[Collected data entries]
.....

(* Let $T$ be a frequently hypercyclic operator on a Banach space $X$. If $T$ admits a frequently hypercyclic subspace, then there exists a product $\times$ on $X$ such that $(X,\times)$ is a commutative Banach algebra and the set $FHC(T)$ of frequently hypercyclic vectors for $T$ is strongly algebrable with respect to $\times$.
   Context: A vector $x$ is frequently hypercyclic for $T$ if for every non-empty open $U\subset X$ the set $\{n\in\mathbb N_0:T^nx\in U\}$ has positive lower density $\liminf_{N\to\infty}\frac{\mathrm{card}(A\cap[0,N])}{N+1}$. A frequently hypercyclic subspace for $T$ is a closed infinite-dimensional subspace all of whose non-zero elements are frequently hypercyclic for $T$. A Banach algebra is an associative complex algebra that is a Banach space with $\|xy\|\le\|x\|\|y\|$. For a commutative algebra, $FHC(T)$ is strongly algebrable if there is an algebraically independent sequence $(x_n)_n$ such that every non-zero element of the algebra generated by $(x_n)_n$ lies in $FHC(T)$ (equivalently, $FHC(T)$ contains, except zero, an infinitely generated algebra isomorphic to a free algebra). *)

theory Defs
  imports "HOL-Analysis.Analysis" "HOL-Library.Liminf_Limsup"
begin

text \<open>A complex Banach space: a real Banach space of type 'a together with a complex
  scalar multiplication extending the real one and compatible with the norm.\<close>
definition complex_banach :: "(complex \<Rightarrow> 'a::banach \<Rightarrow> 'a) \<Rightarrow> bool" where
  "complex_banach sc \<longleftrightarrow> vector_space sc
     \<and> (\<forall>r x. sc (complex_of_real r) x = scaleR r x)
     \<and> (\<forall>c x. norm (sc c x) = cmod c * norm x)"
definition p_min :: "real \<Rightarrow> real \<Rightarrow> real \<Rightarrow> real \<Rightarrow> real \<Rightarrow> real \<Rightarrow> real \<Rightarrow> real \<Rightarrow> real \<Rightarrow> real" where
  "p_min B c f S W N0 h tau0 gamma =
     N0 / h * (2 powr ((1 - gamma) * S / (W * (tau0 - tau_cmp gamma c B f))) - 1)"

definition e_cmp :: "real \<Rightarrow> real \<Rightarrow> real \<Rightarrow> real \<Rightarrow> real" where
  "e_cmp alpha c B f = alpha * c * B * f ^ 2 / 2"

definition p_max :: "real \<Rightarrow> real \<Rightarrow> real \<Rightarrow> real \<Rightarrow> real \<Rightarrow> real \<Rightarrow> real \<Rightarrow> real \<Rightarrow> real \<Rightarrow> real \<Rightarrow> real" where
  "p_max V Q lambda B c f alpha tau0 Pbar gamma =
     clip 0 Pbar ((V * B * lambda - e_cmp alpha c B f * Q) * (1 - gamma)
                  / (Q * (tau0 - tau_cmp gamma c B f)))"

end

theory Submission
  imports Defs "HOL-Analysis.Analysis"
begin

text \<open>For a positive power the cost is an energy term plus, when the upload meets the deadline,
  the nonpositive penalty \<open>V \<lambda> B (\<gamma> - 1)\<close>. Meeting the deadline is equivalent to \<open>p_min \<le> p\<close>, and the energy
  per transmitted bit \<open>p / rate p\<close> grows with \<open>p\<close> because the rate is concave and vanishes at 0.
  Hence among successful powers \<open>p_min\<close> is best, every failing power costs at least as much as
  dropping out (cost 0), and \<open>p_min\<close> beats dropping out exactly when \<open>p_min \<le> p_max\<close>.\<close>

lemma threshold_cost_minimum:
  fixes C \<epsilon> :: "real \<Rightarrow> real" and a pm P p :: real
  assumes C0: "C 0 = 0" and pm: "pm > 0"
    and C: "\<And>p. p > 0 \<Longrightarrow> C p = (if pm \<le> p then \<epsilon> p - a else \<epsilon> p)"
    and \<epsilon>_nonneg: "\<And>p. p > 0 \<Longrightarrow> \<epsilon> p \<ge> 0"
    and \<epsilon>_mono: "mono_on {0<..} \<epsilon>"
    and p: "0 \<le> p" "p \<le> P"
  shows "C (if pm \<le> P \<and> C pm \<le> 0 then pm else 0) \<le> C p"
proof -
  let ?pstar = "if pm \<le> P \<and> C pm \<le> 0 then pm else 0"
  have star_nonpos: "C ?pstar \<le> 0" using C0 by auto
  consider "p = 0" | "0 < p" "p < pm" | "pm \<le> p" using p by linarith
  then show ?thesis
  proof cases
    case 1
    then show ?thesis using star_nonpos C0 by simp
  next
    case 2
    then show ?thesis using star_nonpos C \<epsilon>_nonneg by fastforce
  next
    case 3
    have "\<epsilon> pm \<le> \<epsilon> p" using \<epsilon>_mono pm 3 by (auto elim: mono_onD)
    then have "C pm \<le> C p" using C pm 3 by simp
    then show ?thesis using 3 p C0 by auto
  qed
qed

.....

## Exercise prompt
Count the lines above in which the string "definition" occurs. Give that number and nothing else.

## Expected answer
4